Posted to user@zookeeper.apache.org by Jung Young Seok <ju...@gmail.com> on 2014/04/29 10:30:33 UTC

Regarding large number of watch count

Dear Zookeeper-user,

We have 3 zookeeper node clustered.
The zookeeper is used as application lock coordinator.
Client creates node(key) when it needs lock then release and delete the
node(key) when the usage is done.

Strangely, zk_watch_count has been increased.
In case of leader, zk_watch_count reached 6804.

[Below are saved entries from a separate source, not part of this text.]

lemma card_le_order_char_poly:
  fixes A P :: "'a :: field mat"
  assumes A: "A \<in> carrier_mat n n" and P: "P \<in> carrier_mat n n" and "det P \<noteq> 0"
    and U: "U \<subseteq> {0..<n}"
    and eigen: "\<And>j. j \<in> U \<Longrightarrow> A *\<^sub>v col P j = c \<cdot>\<^sub>v col P j"
  shows "card U \<le> order c (char_poly A)"
proof -
  define M where "M = char_poly_matrix A"
  define P' where "P' = map_mat (\<lambda>a. [:a:]) P"
  define D :: "'a poly mat"
    where "D = mat n n (\<lambda>(i, j). if i = j then if j \<in> U then [:-c, 1:] else 1 else 0)"
  define B where "B = mat n n (\<lambda>(i, j). if j \<in> U then P' $$ (i, j) else (M * P') $$ (i, j))"
  have M: "M \<in> carrier_mat n n" and P': "P' \<in> carrier_mat n n"
    and B: "B \<in> carrier_mat n n" and D: "D \<in> carrier_mat n n"
    using A P by (auto simp: M_def P'_def B_def D_def)
  have MP'_col: "(M * P') $$ (i, j) = [:-c, 1:] * P' $$ (i, j)" if "i < n" "j \<in> U" for i j
  proof -
    have j: "j < n" using that U by auto
    have AP: "(\<Sum>k = 0..<n. A $$ (i, k) * P $$ (k, j)) = c * P $$ (i, j)"
      using arg_cong[OF eigen[OF \<open>j \<in> U\<close>], of "\<lambda>v. v $ i"] that j A P
      by (simp add: mult_mat_vec_def scalar_prod_def)
    have "(M * P') $$ (i, j) = (\<Sum>k = 0..<n. M $$ (i, k) * P' $$ (k, j))"
      using M P' that j by (simp add: scalar_prod_def)
    also have "\<dots> = (\<Sum>k = 0..<n. (if k = i then [:0, 1:] * [:P $$ (k, j):] else 0)
                       - [:A $$ (i, k) * P $$ (k, j):])"
      using A P that j
      by (intro sum.cong) (auto simp: M_def P'_def char_poly_matrix_def algebra_simps)
    also have "\<dots> = [:0, 1:] * [:P $$ (i, j):] - [:c * P $$ (i, j):]"
      using that by (simp add: sum_subtractf sum_to_poly AP)
    finally show ?thesis
      using P that j by (simp add: P'_def algebra_simps)
  qed
  \<comment> \<open>The columns in U of \<open>M * P'\<close> all carry the factor \<open>[:-c, 1:]\<close>, which D pulls out.\<close>
  have "M * P' = B * D"
  proof (rule eq_matI)
    fix i j assume "i < dim_row (B * D)" "j < dim_col (B * D)"
    hence i: "i < n" and j: "j < n" using B D by auto
    have "(B * D) $$ (i, j) = (\<Sum>k = 0..<n. B $$ (i, k) * D $$ (k, j))"
      using B D i j by (simp add: scalar_prod_def)
    also have "\<dots> = B $$ (i, j) * D $$ (j, j)"
      using j by (subst sum.remove[of _ j]) (auto simp: D_def)
    finally show "(M * P') $$ (i, j) = (B * D) $$ (i, j)"
      using i j by (auto simp: B_def D_def MP'_col)
  qed (use M P' B D in auto)
  moreover have "det D = [:-c, 1:] ^ card U"
  proof -
    have "det D = (\<Prod>j = 0..<n. D $$ (j, j))"
      using D by (subst det_upper_triangular) (auto simp: D_def upper_triangular_def prod_list_diag_prod)
    also have "\<dots> = (\<Prod>j = 0..<n. if j \<in> U then [:-c, 1:] else 1)"
      by (rule prod.cong) (auto simp: D_def)
    finally show ?thesis
      using U by (simp add: prod.If_cases Int_absorb1)
  qed
  ultimately have "Polynomial.smult (det P) (char_poly A) = det B * [:-c, 1:] ^ card U"
    using det_mult[OF M P'] det_mult[OF B D] by (simp add: M_def P'_def char_poly_def)
  hence "[:-c, 1:] ^ card U dvd char_poly A"
    using \<open>det P \<noteq> 0\<close> by (metis dvd_smult_iff dvd_triv_right)
  moreover have "char_poly A \<noteq> 0"
    using degree_monic_char_poly[OF A] by auto
  ultimately show ?thesis
    by (rule order_max)
qed
lemma local_inverse_branches:
  assumes "w \<notin> f ` singset R f"
  obtains \<epsilon> G where "\<epsilon> > 0"
    "\<And>z y. z \<in> R \<Longrightarrow> f z = w \<Longrightarrow> y \<in> ball w \<epsilon> \<Longrightarrow> G z y \<in> R \<and> f (G z y) = y"
    "\<And>z. z \<in> R \<Longrightarrow> f z = w \<Longrightarrow> continuous_on (ball w \<epsilon>) (G z)"
    "\<And>z z' y. z \<in> R \<Longrightarrow> f z = w \<Longrightarrow> z' \<in> R \<Longrightarrow> f z' = w \<Longrightarrow> z \<noteq> z' \<Longrightarrow> y \<in> ball w \<epsilon>
      \<Longrightarrow> G z y \<noteq> G z' y"
proof -
  define P where "P = {z \<in> R. f z = w}"
  have "finite P"
    using finite_fibres by (simp add: P_def)
  then obtain \<rho> where "\<rho> > 0" and \<rho>: "\<And>a b. a \<in> P \<Longrightarrow> b \<in> P \<Longrightarrow> a \<noteq> b \<Longrightarrow> 2 * \<rho> \<le> dist a b"
    by (rule finite_ex_separation) blast
  define Q where "Q z \<epsilon> g \<longleftrightarrow> continuous_on (ball w \<epsilon>) g \<and>
      (\<forall>y\<in>ball w \<epsilon>. g y \<in> R \<and> f (g y) = y \<and> dist (g y) z < \<rho>)" for z \<epsilon> g
  have "\<exists>\<epsilon>>0. \<exists>g. Q z \<epsilon> g" if "z \<in> P" for z
  proof -
    have "z \<in> R" "f z = w" "jac f z \<noteq> 0"
      using that assms by (auto simp: P_def singset_def)
    with local_inverse_at_regular_point[OF this(1,3) \<open>\<rho> > 0\<close>] show ?thesis
      unfolding Q_def by metis
  qed
  moreover have "Q z \<epsilon>' g" if "Q z \<epsilon> g" "\<epsilon>' \<le> \<epsilon>" for z \<epsilon> \<epsilon>' g
    using that subset_ball[OF \<open>\<epsilon>' \<le> \<epsilon>\<close>] unfolding Q_def by (blast intro: continuous_on_subset)
  ultimately obtain \<epsilon> G where "\<epsilon> > 0" and Q: "\<And>z. z \<in> P \<Longrightarrow> Q z \<epsilon> (G z)"
    using finite_ex_common_radius[OF \<open>finite P\<close>, of Q] by blast
  show ?thesis
  proof (rule that[OF \<open>\<epsilon> > 0\<close>])
    fix z z' y assume "z \<in> R" "f z = w" "z' \<in> R" "f z' = w" "z \<noteq> z'" "y \<in> ball w \<epsilon>"
    then have "z \<in> P" "z' \<in> P"
      by (simp_all add: P_def)
    show "G z y \<noteq> G z' y"
    proof
      assume "G z y = G z' y"
      have "dist z z' \<le> dist z (G z y) + dist z' (G z y)"
        by (rule dist_triangle2)
      also have "\<dots> < 2 * \<rho>"
      proof -
        have "dist (G z y) z < \<rho>" "dist (G z' y) z' < \<rho>"
          using Q[OF \<open>z \<in> P\<close>] Q[OF \<open>z' \<in> P\<close>] \<open>y \<in> ball w \<epsilon>\<close> unfolding Q_def by blast+
        with \<open>G z y = G z' y\<close> show ?thesis
          by (simp add: dist_commute)
      qed
      finally show False
        using \<rho>[OF \<open>z \<in> P\<close> \<open>z' \<in> P\<close> \<open>z \<noteq> z'\<close>] by simp
    qed
  qed (use Q in \<open>auto simp: P_def Q_def\<close>)
qed

lemma Val_lower_semicontinuous:
  assumes "w \<notin> f ` singset R f"
  obtains \<epsilon> where "\<epsilon> > 0" "\<And>y. y \<in> ball w \<epsilon> \<Longrightarrow> Val R f w \<le> Val R f y"
proof -
  obtain \<epsilon> G where "\<epsilon> > 0"
    and branch: "\<And>z y. z \<in> R \<Longrightarrow> f z = w \<Longrightarrow> y \<in> ball w \<epsilon> \<Longrightarrow> G z y \<in> R \<and> f (G z y) = y"
    and disjoint: "\<And>z z' y. z \<in> R \<Longrightarrow> f z = w \<Longrightarrow> z' \<in> R \<Longrightarrow> f z' = w \<Longrightarrow> z \<noteq> z' \<Longrightarrow> y \<in> ball w \<epsilon>
      \<Longrightarrow> G z y \<noteq> G z' y"
    by (rule local_inverse_branches[OF assms]) blast
  have "Val R f w \<le> Val R f y" if "y \<in> ball w \<epsilon>" for y
    unfolding Val_def
  proof (rule card_inj_on_le[where f = "\<lambda>z. G z y"])
    show "inj_on (\<lambda>z. G z y) {z \<in> R. f z = w}"
    proof (rule inj_onI)
      fix a b assume "a \<in> {z \<in> R. f z = w}" "b \<in> {z \<in> R. f z = w}" "G a y = G b y"
      then show "a = b"
        using disjoint[OF _ _ _ _ _ that] by blast
    qed
    show "(\<lambda>z. G z y) ` {z \<in> R. f z = w} \<subseteq> {z \<in> R. f z = y}"
      using branch[OF _ _ that] by auto
  qed (rule finite_fibres)
  with \<open>\<epsilon> > 0\<close> show ?thesis
    by (rule that)
qed

lemma cluster_value_along_regular_values:
  assumes "w \<in> cluster_set R f"
  obtains zs where "\<And>n. zs n \<in> R" "\<And>n. f (zs n) \<notin> f ` singset R f" "escaping R zs"
    "(\<lambda>n. f (zs n)) \<longlonglongrightarrow> w"
proof -
  obtain zs0 where "\<And>n. zs0 n \<in> R" "escaping R zs0" "(\<lambda>n. f (zs0 n)) \<longlonglongrightarrow> w"
    using assms by (auto simp: cluster_set_conv_escaping)
  have "\<exists>z. z \<in> R \<and> f z \<notin> f ` singset R f \<and> dist z (zs0 n) < inverse (Suc n)
      \<and> dist (f z) (f (zs0 n)) < inverse (Suc n)" for n
  proof -
    have "inverse (real (Suc n)) > 0"
      by simp
    from regular_value_nearby[OF \<open>\<And>n. zs0 n \<in> R\<close> this] show ?thesis
      by blast
  qed
  then obtain zs where "\<forall>n. zs n \<in> R \<and> f (zs n) \<notin> f ` singset R f \<and> dist (zs n) (zs0 n) < inverse (Suc n)
      \<and> dist (f (zs n)) (f (zs0 n)) < inverse (Suc n)"
    by (metis choice)
  then have zs: "\<And>n. zs n \<in> R" "\<And>n. f (zs n) \<notin> f ` singset R f"
    and close: "\<And>n. dist (zs n) (zs0 n) < inverse (Suc n)" "\<And>n. dist (f (zs n)) (f (zs0 n)) < inverse (Suc n)"
    by simp_all
  have "(\<lambda>n. zs n - zs0 n) \<longlonglongrightarrow> 0" "(\<lambda>n. f (zs n) - f (zs0 n)) \<longlonglongrightarrow> 0"
    using close by (auto intro!: Lim_null_comparison[OF _ LIMSEQ_inverse_real_of_nat]
        always_eventually less_imp_le simp: dist_norm)
  moreover have "(\<lambda>n. (f (zs n) - f (zs0 n)) + f (zs0 n)) \<longlonglongrightarrow> 0 + w"
    using calculation(2) \<open>(\<lambda>n. f (zs0 n)) \<longlonglongrightarrow> w\<close> by (rule tendsto_add)
  ultimately show ?thesis
    by (intro that[OF zs escaping_transform[OF \<open>escaping R zs0\<close>]]) simp_all
qed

==================================================================
Detailed information is below. (mntr)

1. Zoo-1 (Follower)
Status Information: OK Zookeeper State : follower zk_avg_latency 2
zk_max_latency 215 zk_min_latency 0 zk_packets_received 9001127
zk_packets_sent 9027569 zk_num_alive_connections 3 zk_outstanding_requests
0 zk_server_state follower zk_znode_count 12 zk_watch_count 1786
zk_ephemerals_count 2 zk_approximate_data_size 525
zk_open_file_descriptor_count 29 zk_max_file_descriptor_count 4096
Performance Data: zk_version 3.4.6-1569965, built on 02/20/2014 09:09 GMT
2. Zoo-2 (Follower)
Status Information: OK Zookeeper State : follower zk_avg_latency 0
zk_max_latency 6 zk_min_latency 0 zk_packets_received 3539 zk_packets_sent
3538 zk_num_alive_connections 2 zk_outstanding_requests 0 zk_server_state
follower zk_znode_count 12 zk_watch_count 0 zk_ephemerals_count 2
zk_approximate_data_size 525 zk_open_file_descriptor_count 28
zk_max_file_descriptor_count 4096 Performance Data: zk_version
3.4.6-1569965, built on 02/20/2014 09:09 GMT
3. Zoo-3 (Leader) Status Information: OK Zookeeper State : leader
zk_avg_latency 1 zk_max_latency 214 zk_min_latency 0 zk_packets_received
21575604 zk_packets_sent 21638420 zk_num_alive_connections 4
zk_outstanding_requests 0 zk_server_state leader zk_znode_count 18
zk_watch_count 6804 zk_ephemerals_count 5 zk_approximate_data_size 954
zk_open_file_descriptor_count 32 zk_max_file_descriptor_count 4096
zk_followers 2 zk_synced_followers 2 zk_pending_syncs 0 Performance Data:
zk_version 3.4.6-1569965, built on 02/20/2014 09:09 GMT

==================================================================

My questions are,
1. Is it normal case that zk_watch_count reached 6804?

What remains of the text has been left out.